TASK DESCRIPTION:
From the listing below, output only the lines starting at the line that has "(\<forall>f\<in>Mor C. \<forall>A." and ending at the line that has "('m \<Rightarrow> 'p \<Rightarrow> 'p) \<Rightarrow> 'p", exactly as they appear, ends included.

GIVEN ENTRIES:
(* Let $\mathbf{C}$ be a locally small category, $\Omega$ an object, $\Phi\colon\mathbf{C}^{\mathrm{op}}\to\mathbf{Pos}$ a functor whose fibres have all meets preserved by reindexing $f^*=\Phi f$, and $d_\Omega\in\Phi\Omega$. Let $\alpha_Y(S)=\bigwedge_{k\in S}k^*(d_\Omega)$, $\gamma_Y(d)=\{k\in\mathbf{C}(Y,\Omega)\mid d\preceq k^*(d_\Omega)\}$ and $\mathrm{cl}_Y=\gamma_Y\circ\alpha_Y$. Let $F\colon\mathbf{C}\to\mathbf{C}$ be a functor, $(\mathit{ev}_\lambda\colon F\Omega\to\Omega)_{\lambda\in\Lambda}$ morphisms, and $\Lambda_Y(S)=\{\mathit{ev}_\lambda\circ Fh\mid\lambda\in\Lambda,h\in S\}$. Let $X$ be an object and $\mathrm{cl}'_X$ a closure operator on $(\mathcal{P}(\mathbf{C}(X,\Omega)),\subseteq)$ that is a subclosure of $\mathrm{cl}_X$, i.e. $\mathrm{cl}'_X(S)\subseteq\mathrm{cl}_X(S)$ for all $S$. Then $\mathrm{cl}'_X$ is compatible (i.e. $\Lambda_X\circ\mathrm{cl}'_X\circ\mathrm{cl}_X\subseteq\mathrm{cl}_{FX}\circ\Lambda_X\circ\mathrm{cl}'_X$ pointwise) if and only if $\alpha_{FX}(\Lambda_X(\mathrm{cl}'_X(S)))\preceq\alpha_{FX}(\Lambda_X(\mathrm{cl}_X(S)))$ for all $S\subseteq\mathbf{C}(X,\Omega)$.
   Context: A closure operator is a monotone, idempotent, extensive map. *)

theory Defs
  imports Main
begin

record ('o, 'm) cat =
  Obj :: "'o set"
  Mor :: "'m set"
  Dom :: "'m \<Rightarrow> 'o"
  Cod :: "'m \<Rightarrow> 'o"
  Comp :: "'m \<Rightarrow> 'm \<Rightarrow> 'm"   (* Comp g f = g \<circ> f, defined when Cod f = Dom g *)
  Ident :: "'o \<Rightarrow> 'm"

definition hom :: "('o, 'm) cat \<Rightarrow> 'o \<Rightarrow> 'o \<Rightarrow> 'm set" where
  "hom C X Y = {f \<in> Mor C. Dom C f = X \<and> Cod C f = Y}"

definition category :: "('o, 'm) cat \<Rightarrow> bool" where
  "category C \<longleftrightarrow>
     (\<forall>f\<in>Mor C. Dom C f \<in> Obj C \<and> Cod C f \<in> Obj C) \<and>
     (\<forall>X\<in>Obj C. Ident C X \<in> hom C X X) \<and>
     (\<forall>f\<in>Mor C. \<forall>g\<in>Mor C. Cod C f = Dom C g \<longrightarrow>
        Comp C g f \<in> hom C (Dom C f) (Cod C g)) \<and>
     (\<forall>f\<in>Mor C. \<forall>g\<in>Mor C. \<forall>h\<in>Mor C. Cod C f = Dom C g \<longrightarrow> Cod C g = Dom C h \<longrightarrow>
        Comp C h (Comp C g f) = Comp C (Comp C h g) f) \<and>
     (\<forall>f\<in>Mor C. Comp C (Ident C (Cod C f)) f = f \<and> Comp C f (Ident C (Dom C f)) = f)"

definition endofunctor :: "('o, 'm) cat \<Rightarrow> ('o \<Rightarrow> 'o) \<Rightarrow> ('m \<Rightarrow> 'm) \<Rightarrow> bool" where
  "endofunctor C Fo Fm \<longleftrightarrow>
     (\<forall>X\<in>Obj C. Fo X \<in> Obj C) \<and>
     (\<forall>f\<in>Mor C. Fm f \<in> hom C (Fo (Dom C f)) (Fo (Cod C f))) \<and>
     (\<forall>X\<in>Obj C. Fm (Ident C X) = Ident C (Fo X)) \<and>
     (\<forall>f\<in>Mor C. \<forall>g\<in>Mor C. Cod C f = Dom C g \<longrightarrow> Fm (Comp C g f) = Comp C (Fm g) (Fm f))"

definition partial_order_on' :: "'p set \<Rightarrow> ('p \<Rightarrow> 'p \<Rightarrow> bool) \<Rightarrow> bool" where
  "partial_order_on' P le \<longleftrightarrow>
     (\<forall>x\<in>P. le x x) \<and>
     (\<forall>x\<in>P. \<forall>y\<in>P. le x y \<and> le y x \<longrightarrow> x = y) \<and>
     (\<forall>x\<in>P. \<forall>y\<in>P. \<forall>z\<in>P. le x y \<and> le y z \<longrightarrow> le x z)"

definition is_glb :: "'p set \<Rightarrow> ('p \<Rightarrow> 'p \<Rightarrow> bool) \<Rightarrow> 'p set \<Rightarrow> 'p \<Rightarrow> bool" where
  "is_glb P le A m \<longleftrightarrow> m \<in> P \<and> (\<forall>a\<in>A. le m a) \<and> (\<forall>x\<in>P. (\<forall>a\<in>A. le x a) \<longrightarrow> le x m)"

definition meet :: "'p set \<Rightarrow> ('p \<Rightarrow> 'p \<Rightarrow> bool) \<Rightarrow> 'p set \<Rightarrow> 'p" where
  "meet P le A = (THE m. is_glb P le A m)"

text \<open>Fibre \<Phi> Y is the poset (PhiC Y, le Y); reindexing f^* = Phi f maps \<Phi>(Cod f) to \<Phi>(Dom f).\<close>
definition meet_fibration ::
  "('o, 'm) cat \<Rightarrow> ('o \<Rightarrow> 'p set) \<Rightarrow> ('o \<Rightarrow> 'p \<Rightarrow> 'p \<Rightarrow> bool) \<Rightarrow> ('m \<Rightarrow> 'p \<Rightarrow> 'p) \<Rightarrow> bool" where
  "meet_fibration C PhiC le Phi \<longleftrightarrow>
     (\<forall>Y\<in>Obj C. partial_order_on' (PhiC Y) (le Y)) \<and>
     (\<forall>Y\<in>Obj C. \<forall>A. A \<subseteq> PhiC Y \<longrightarrow> (\<exists>m. is_glb (PhiC Y) (le Y) A m)) \<and>
     (\<forall>f\<in>Mor C. \<forall>x\<in>PhiC (Cod C f). Phi f x \<in> PhiC (Dom C f)) \<and>
     (\<forall>f\<in>Mor C. \<forall>x\<in>PhiC (Cod C f). \<forall>y\<in>PhiC (Cod C f).
        le (Cod C f) x y \<longrightarrow> le (Dom C f) (Phi f x) (Phi f y)) \<and>
     (\<forall>Y\<in>Obj C. \<forall>x\<in>PhiC Y. Phi (Ident C Y) x = x) \<and>
     (\<forall>f\<in>Mor C. \<forall>g\<in>Mor C. Cod C f = Dom C g \<longrightarrow>
        (\<forall>x\<in>PhiC (Cod C g). Phi (Comp C g f) x = Phi f (Phi g x))) \<and>
     (\<forall>f\<in>Mor C. \<forall>A. A \<subseteq> PhiC (Cod C f) \<longrightarrow>
        is_glb (PhiC (Dom C f)) (le (Dom C f)) (Phi f ` A) (Phi f (meet (PhiC (Cod C f)) (le (Cod C f)) A)))"

definition alpha ::
  "('o, 'm) cat \<Rightarrow> ('o \<Rightarrow> 'p set) \<Rightarrow> ('o \<Rightarrow> 'p \<Rightarrow> 'p \<Rightarrow> bool) \<Rightarrow> ('m \<Rightarrow> 'p \<Rightarrow> 'p) \<Rightarrow> 'p \<Rightarrow> 'o \<Rightarrow> 'm set \<Rightarrow> 'p" where
  "alpha C PhiC le Phi dO Y S = meet (PhiC Y) (le Y) ((\<lambda>k. Phi k dO) ` S)"

definition gamma ::
  "('o, 'm) cat \<Rightarrow> ('o \<Rightarrow> 'p \<Rightarrow> 'p \<Rightarrow> bool) \<Rightarrow> ('m \<Rightarrow> 'p \<Rightarrow> 'p) \<Rightarrow> 'o \<Rightarrow> 'p \<Rightarrow> 'o \<Rightarrow> 'p \<Rightarrow> 'm set" where
  "gamma C le Phi Om dO Y d = {k \<in> hom C Y Om. le Y d (Phi k dO)}"

definition cl ::
  "('o, 'm) cat \<Rightarrow> ('o \<Rightarrow> 'p set) \<Rightarrow> ('o \<Rightarrow> 'p \<Rightarrow> 'p \<Rightarrow> bool) \<Rightarrow> ('m \<Rightarrow> 'p \<Rightarrow> 'p) \<Rightarrow> 'o \<Rightarrow> 'p \<Rightarrow> 'o \<Rightarrow> 'm set \<Rightarrow> 'm set" where
  "cl C PhiC le Phi Om dO Y S = gamma C le Phi Om dO Y (alpha C PhiC le Phi dO Y S)"

definition Lam :: "('o, 'm) cat \<Rightarrow> ('m \<Rightarrow> 'm) \<Rightarrow> 'l set \<Rightarrow> ('l \<Rightarrow> 'm) \<Rightarrow> 'm set \<Rightarrow> 'm set" where
  "Lam C Fm L ev S = {Comp C (ev l) (Fm h) | l h. l \<in> L \<and> h \<in> S}"

definition closure_operator :: "'a set \<Rightarrow> ('a set \<Rightarrow> 'a set) \<Rightarrow> bool" where
  "closure_operator H c \<longleftrightarrow>
     (\<forall>S. S \<subseteq> H \<longrightarrow> c S \<subseteq> H) \<and>
     (\<forall>S T. S \<subseteq> T \<and> T \<subseteq> H \<longrightarrow> c S \<subseteq> c T) \<and>
     (\<forall>S. S \<subseteq> H \<longrightarrow> S \<subseteq> c S) \<and>
     (\<forall>S. S \<subseteq> H \<longrightarrow> c (c S) = c S)"

end

theory Submission
  imports Defs
begin

text \<open>At every object Y, alpha and gamma form an antitone Galois connection:
  T \<subseteq> cl U iff alpha U \<preceq> alpha T. A subclosure cl' of cl at X is extensive and
  lies below the idempotent cl, so it fixes every cl-closed set; in particular
  cl' (cl S) = cl S. Compatibility therefore reads Lam (cl S) \<subseteq> cl (Lam (cl' S))
  at F X, which by the Galois connection at F X is the stated inequality of meets.\<close>

lemma meet_eqI:
  assumes "partial_order_on' P le" "is_glb P le A m"
  shows "meet P le A = m"
  unfolding meet_def
proof (rule the_equality)
  show "is_glb P le A m" by fact
  fix m' assume "is_glb P le A m'"
  with assms show "m' = m" unfolding is_glb_def partial_order_on'_def by metis
qed

lemma partial_order_on'_trans:
  assumes "partial_order_on' P le" "x \<in> P" "y \<in> P" "z \<in> P" "le x y" "le y z"
  shows "le x z"
  using assms unfolding partial_order_on'_def by blast

lemma meet_fibration_partial_order:
  "meet_fibration C PhiC le Phi \<Longrightarrow> Y \<in> Obj C \<Longrightarrow> partial_order_on' (PhiC Y) (le Y)"
  unfolding meet_fibration_def by simp

lemma meet_fibration_has_glb:
  "meet_fibration C PhiC le Phi \<Longrightarrow> Y \<in> Obj C \<Longrightarrow> A \<subseteq> PhiC Y
    \<Longrightarrow> \<exists>m. is_glb (PhiC Y) (le Y) A m"
  unfolding meet_fibration_def by simp

lemma meet_fibration_reindex_in_fibre:
  assumes "meet_fibration C PhiC le Phi" "d \<in> PhiC Om" "k \<in> hom C Y Om"
  shows "Phi k d \<in> PhiC Y"
  using assms unfolding meet_fibration_def hom_def by auto

lemma alpha_is_glb:
  assumes mf: "meet_fibration C PhiC le Phi" and Y: "Y \<in> Obj C" and d: "dO \<in> PhiC Om"
    and T: "T \<subseteq> hom C Y Om"
  shows "is_glb (PhiC Y) (le Y) ((\<lambda>k. Phi k dO) ` T) (alpha C PhiC le Phi dO Y T)"
proof -
  have "(\<lambda>k. Phi k dO) ` T \<subseteq> PhiC Y"
    using meet_fibration_reindex_in_fibre[OF mf d] T by blast
  then obtain m where m: "is_glb (PhiC Y) (le Y) ((\<lambda>k. Phi k dO) ` T) m"
    using meet_fibration_has_glb[OF mf Y] by blast
  with meet_eqI[OF meet_fibration_partial_order[OF mf Y] m] show ?thesis
    unfolding alpha_def by simp
qed

lemma alpha_in_fibre:
  assumes "meet_fibration C PhiC le Phi" "Y \<in> Obj C" "dO \<in> PhiC Om" "T \<subseteq> hom C Y Om"
  shows "alpha C PhiC le Phi dO Y T \<in> PhiC Y"
  using alpha_is_glb[OF assms] unfolding is_glb_def by simp

lemma cl_subset_hom: "cl C PhiC le Phi Om dO Y U \<subseteq> hom C Y Om"
  unfolding cl_def gamma_def by blast

lemma subset_cl_iff_alpha_le:
  assumes mf: "meet_fibration C PhiC le Phi" and Y: "Y \<in> Obj C" and d: "dO \<in> PhiC Om"
    and T: "T \<subseteq> hom C Y Om" and U: "U \<subseteq> hom C Y Om"
  shows "T \<subseteq> cl C PhiC le Phi Om dO Y U \<longleftrightarrow>
         le Y (alpha C PhiC le Phi dO Y U) (alpha C PhiC le Phi dO Y T)"
proof
  assume "T \<subseteq> cl C PhiC le Phi Om dO Y U"
  then have "\<forall>k\<in>T. le Y (alpha C PhiC le Phi dO Y U) (Phi k dO)"
    unfolding cl_def gamma_def by blast
  with alpha_is_glb[OF mf Y d T] alpha_in_fibre[OF mf Y d U]
  show "le Y (alpha C PhiC le Phi dO Y U) (alpha C PhiC le Phi dO Y T)"
    unfolding is_glb_def by blast
next
  assume le_UT: "le Y (alpha C PhiC le Phi dO Y U) (alpha C PhiC le Phi dO Y T)"
  show "T \<subseteq> cl C PhiC le Phi Om dO Y U"
  proof
    fix k assume k: "k \<in> T"
    then have "le Y (alpha C PhiC le Phi dO Y T) (Phi k dO)"
      using alpha_is_glb[OF mf Y d T] unfolding is_glb_def by blast
    then have "le Y (alpha C PhiC le Phi dO Y U) (Phi k dO)"
      using partial_order_on'_trans[OF meet_fibration_partial_order[OF mf Y]
          alpha_in_fibre[OF mf Y d U] alpha_in_fibre[OF mf Y d T] _ le_UT]
        meet_fibration_reindex_in_fibre[OF mf d] k T by blast
    with k T show "k \<in> cl C PhiC le Phi Om dO Y U" unfolding cl_def gamma_def by blast
  qed
qed

lemma cl_cl_subset:
  assumes mf: "meet_fibration C PhiC le Phi" and Y: "Y \<in> Obj C" and d: "dO \<in> PhiC Om"
    and S: "S \<subseteq> hom C Y Om"
  shows "cl C PhiC le Phi Om dO Y (cl C PhiC le Phi Om dO Y S) \<subseteq> cl C PhiC le Phi Om dO Y S"
proof -
  let ?cl = "cl C PhiC le Phi Om dO Y" and ?\<alpha> = "alpha C PhiC le Phi dO Y"
  have cl_hom: "?cl U \<subseteq> hom C Y Om" for U by (rule cl_subset_hom)
  note galois = subset_cl_iff_alpha_le[OF mf Y d]
  have "le Y (?\<alpha> S) (?\<alpha> (?cl S))"
    using galois[OF cl_hom[of S] S] by simp
  moreover have "le Y (?\<alpha> (?cl S)) (?\<alpha> (?cl (?cl S)))"
    using galois[OF cl_hom[of "?cl S"] cl_hom[of S]] by simp
  ultimately have "le Y (?\<alpha> S) (?\<alpha> (?cl (?cl S)))"
    by (rule partial_order_on'_trans[OF meet_fibration_partial_order[OF mf Y]
          alpha_in_fibre[OF mf Y d S] alpha_in_fibre[OF mf Y d cl_hom[of S]]
          alpha_in_fibre[OF mf Y d cl_hom[of "?cl S"]]])
  then show ?thesis using galois[OF cl_hom[of "?cl S"] S] by simp
qed

lemma subclosure_fixes_closed:
  assumes "closure_operator H c" "\<forall>S. S \<subseteq> H \<longrightarrow> c S \<subseteq> k S"
    and "T \<subseteq> H" "k T \<subseteq> T"
  shows "c T = T"
proof
  show "c T \<subseteq> T" using assms(2-4) by blast
  show "T \<subseteq> c T" using assms(1,3) unfolding closure_operator_def by simp
qed

lemma endofunctor_obj: "endofunctor C Fo Fm \<Longrightarrow> X \<in> Obj C \<Longrightarrow> Fo X \<in> Obj C"
  unfolding endofunctor_def by simp

lemma Lam_subset_hom:
  assumes cat: "category C" and F: "endofunctor C Fo Fm"
    and ev: "\<forall>l\<in>L. ev l \<in> hom C (Fo Om) Om" and S: "S \<subseteq> hom C X Om"
  shows "Lam C Fm L ev S \<subseteq> hom C (Fo X) Om"
proof
  fix x assume "x \<in> Lam C Fm L ev S"
  then obtain l h where x: "x = Comp C (ev l) (Fm h)" and l: "l \<in> L" and h: "h \<in> S"
    unfolding Lam_def by blast
  have Fh: "Fm h \<in> hom C (Fo X) (Fo Om)"
    using F h S unfolding endofunctor_def hom_def by auto
  moreover have "ev l \<in> hom C (Fo Om) Om" using ev l by blast
  ultimately show "x \<in> hom C (Fo X) Om"
    using cat unfolding x category_def hom_def by auto
qed

theorem lemma2:
  fixes C :: "('o, 'm) cat"
    and PhiC :: "'o \<Rightarrow> 'p set" and le :: "'o \<Rightarrow> 'p \<Rightarrow> 'p \<Rightarrow> bool" and Phi :: "'m \<Rightarrow> 'p \<Rightarrow> 'p"
    and Om :: 'o and dO :: 'p
    and Fo :: "'o \<Rightarrow> 'o" and Fm :: "'m \<Rightarrow> 'm"
    and L :: "'l set" and ev :: "'l \<Rightarrow> 'm"
    and X :: 'o and cl' :: "'m set \<Rightarrow> 'm set"
  assumes "category C"
    and "Om \<in> Obj C"
    and "meet_fibration C PhiC le Phi"
    and "dO \<in> PhiC Om"
    and "endofunctor C Fo Fm"
    and "\<forall>l\<in>L. ev l \<in> hom C (Fo Om) Om"
    and "X \<in> Obj C"
    and "closure_operator (hom C X Om) cl'"
    and "\<forall>S. S \<subseteq> hom C X Om \<longrightarrow> cl' S \<subseteq> cl C PhiC le Phi Om dO X S"
  shows "(\<forall>S. S \<subseteq> hom C X Om \<longrightarrow>
            Lam C Fm L ev (cl' (cl C PhiC le Phi Om dO X S))
              \<subseteq> cl C PhiC le Phi Om dO (Fo X) (Lam C Fm L ev (cl' S)))
         \<longleftrightarrow>
         (\<forall>S. S \<subseteq> hom C X Om \<longrightarrow>
            le (Fo X) (alpha C PhiC le Phi dO (Fo X) (Lam C Fm L ev (cl' S)))
                      (alpha C PhiC le Phi dO (Fo X) (Lam C Fm L ev (cl C PhiC le Phi Om dO X S))))"
proof -
  note cat = assms(1) and mf = assms(3) and d = assms(4) and F = assms(5) and ev = assms(6)
    and X = assms(7) and co = assms(8) and sub = assms(9)
  let ?cl = "cl C PhiC le Phi Om dO X"
  have FX: "Fo X \<in> Obj C" using endofunctor_obj[OF F X] .
  have pointwise:
    "Lam C Fm L ev (cl' (?cl S)) \<subseteq> cl C PhiC le Phi Om dO (Fo X) (Lam C Fm L ev (cl' S))
     \<longleftrightarrow> le (Fo X) (alpha C PhiC le Phi dO (Fo X) (Lam C Fm L ev (cl' S)))
                  (alpha C PhiC le Phi dO (Fo X) (Lam C Fm L ev (?cl S)))"
    if S: "S \<subseteq> hom C X Om" for S
  proof -
    have "cl' (?cl S) = ?cl S"
      by (rule subclosure_fixes_closed[OF co sub cl_subset_hom cl_cl_subset[OF mf X d S]])
    moreover have "cl' S \<subseteq> hom C X Om" using co S unfolding closure_operator_def by simp
    ultimately show ?thesis
      using subset_cl_iff_alpha_le[OF mf FX d Lam_subset_hom[OF cat F ev cl_subset_hom]
          Lam_subset_hom[OF cat F ev]] by simp
  qed
  show ?thesis by (simp add: pointwise)
qed

end
lemma bil_zero_left [simp]: "bil 0 w = 0"
  unfolding bil_def by simp

lemma bil_sum_left: "bil (\<Sum>i\<in>A. f i) w = (\<Sum>i\<in>A. bil (f i) w)"
proof (induction A rule: infinite_finite_induct)
  case (insert x F)
  then show ?case by (simp only: sum.insert[OF insert.hyps] bil_add_left insert.IH)
qed (metis sum.infinite bil_zero_left, simp only: sum.empty bil_zero_left)

lemma bil_sum_right: "bil w (\<Sum>i\<in>A. f i) = (\<Sum>i\<in>A. bil w (f i))"
  by (simp add: bil_sym[of w] bil_sum_left)

lemma bil_lincomb:
  "bil (\<Sum>i<n. smul (c i) (b i)) (\<Sum>j<n. smul (d j) (b j))
     = (\<Sum>i<n. \<Sum>j<n. c i * d j * bil (b i) (b j))"
  by (simp add: bil_sum_left bil_sum_right bil_smul_left bil_smul_right sum_distrib_left
      mult.assoc) (rule sum.swap[THEN trans], simp add: ac_simps)

definition int_submodule :: "qvec set \<Rightarrow> bool" where
  "int_submodule S \<longleftrightarrow>
     0 \<in> S \<and> (\<forall>x\<in>S. \<forall>y\<in>S. x + y \<in> S) \<and> (\<forall>x\<in>S. \<forall>a::int. smul (of_int a) x \<in> S)"

lemma int_submoduleD:
  assumes "int_submodule S"
  shows int_submodule_0: "0 \<in> S"
    and int_submodule_add: "x \<in> S \<Longrightarrow> y \<in> S \<Longrightarrow> x + y \<in> S"
    and int_submodule_smul: "x \<in> S \<Longrightarrow> smul (of_int a) x \<in> S"
  using assms unfolding int_submodule_def by blast+

lemma int_submodule_smul_Ints:
  "int_submodule S \<Longrightarrow> q \<in> \<int> \<Longrightarrow> x \<in> S \<Longrightarrow> smul q x \<in> S"
  by (auto elim: Ints_cases intro: int_submodule_smul)

lemma int_submodule_uminus:
  assumes "int_submodule S" and "x \<in> S"
  shows "- x \<in> S"
proof -
  have "- x = smul (of_int (-1)) x"
    by (simp add: smul_def fun_eq_iff)
  then show ?thesis
    using int_submodule_smul[OF assms, of "-1"] by simp
qed

lemma int_submodule_diff:
  "int_submodule S \<Longrightarrow> x \<in> S \<Longrightarrow> y \<in> S \<Longrightarrow> x - y \<in> S"
  using int_submodule_add[of S x "- y"] int_submodule_uminus by simp

lemma mem_zspan: "x \<in> zspan n b \<longleftrightarrow> (\<exists>c. x = (\<Sum>i<n. smul (of_int (c i)) (b i)))"
  unfolding zspan_def by auto

lemma int_submodule_zspan: "int_submodule (zspan n b)"
  unfolding int_submodule_def
proof (intro conjI ballI allI)
  show "0 \<in> zspan n b"
    unfolding mem_zspan
    by (rule exI[of _ "\<lambda>_. 0"]) (simp add: fun_eq_iff sum_fun_apply smul_def)
  fix x assume "x \<in> zspan n b"
  then obtain c where x: "x = (\<Sum>i<n. smul (of_int (c i)) (b i))"
    unfolding mem_zspan by blast
  show "smul (of_int a) x \<in> zspan n b" for a
    unfolding mem_zspan x by (intro exI[of _ "\<lambda>i. a * c i"])
      (simp add: fun_eq_iff sum_fun_apply smul_def sum_distrib_left algebra_simps)
  fix y assume "y \<in> zspan n b"
  then obtain d where y: "y = (\<Sum>i<n. smul (of_int (d i)) (b i))"
    unfolding mem_zspan by blast
  show "x + y \<in> zspan n b"
    unfolding mem_zspan x y by (intro exI[of _ "\<lambda>i. c i + d i"])
      (simp add: fun_eq_iff sum_fun_apply smul_def sum.distrib algebra_simps)
qed

lemma zspan_basis: "j < n \<Longrightarrow> b j \<in> zspan n b"
  unfolding mem_zspan
proof (intro exI[of _ "\<lambda>i. if i = j then 1 else 0"] ext)
  fix x assume "j < n"
  have "(\<Sum>i<n. smul (of_int (if i = j then 1 else 0)) (b i)) x
      = (\<Sum>i<n. if i = j then b i x else 0)"
    unfolding sum_fun_apply by (intro sum.cong refl) (simp add: smul_def)
  then show "b j x = (\<Sum>i<n. smul (of_int (if i = j then 1 else 0)) (b i)) x"
    using \<open>j < n\<close> by simp
qed

lemma isometric_to_int_submodule: "isometric_to S n G \<Longrightarrow> int_submodule S"
  unfolding isometric_to_def using int_submodule_zspan by blast

lemma quad_form_4dvd:
  fixes G :: "nat \<Rightarrow> nat \<Rightarrow> int"
  assumes sym: "\<And>i j. G i j = G j i" and even: "\<And>i j. even (G i j)"
    and diag: "\<And>i. 4 dvd G i i"
  shows "4 dvd (\<Sum>i<n. \<Sum>j<n. c i * c j * G i j)"
proof (induction n)
  case (Suc n)
  have "(\<Sum>i<Suc n. \<Sum>j<Suc n. c i * c j * G i j)
      = (\<Sum>i<n. \<Sum>j<n. c i * c j * G i j) + 2 * (\<Sum>j<n. c n * c j * G n j)
        + c n * c n * G n n"
    by (simp add: sum.distrib sym mult.commute mult.left_commute)
  moreover have "even (\<Sum>j<n. c n * c j * G n j)"
    using even by (simp add: dvd_sum)
  then have "4 dvd 2 * (\<Sum>j<n. c n * c j * G n j)"
    by (auto elim: evenE)
  ultimately show ?case
    using Suc diag by simp
qed simp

RESPONSE BOX:
     (\<forall>f\<in>Mor C. \<forall>A. A \<subseteq> PhiC (Cod C f) \<longrightarrow>
        is_glb (PhiC (Dom C f)) (le (Dom C f)) (Phi f ` A) (Phi f (meet (PhiC (Cod C f)) (le (Cod C f)) A)))"

definition alpha ::
  "('o, 'm) cat \<Rightarrow> ('o \<Rightarrow> 'p set) \<Rightarrow> ('o \<Rightarrow> 'p \<Rightarrow> 'p \<Rightarrow> bool) \<Rightarrow> ('m \<Rightarrow> 'p \<Rightarrow> 'p) \<Rightarrow> 'p \<Rightarrow> 'o \<Rightarrow> 'm set \<Rightarrow> 'p" where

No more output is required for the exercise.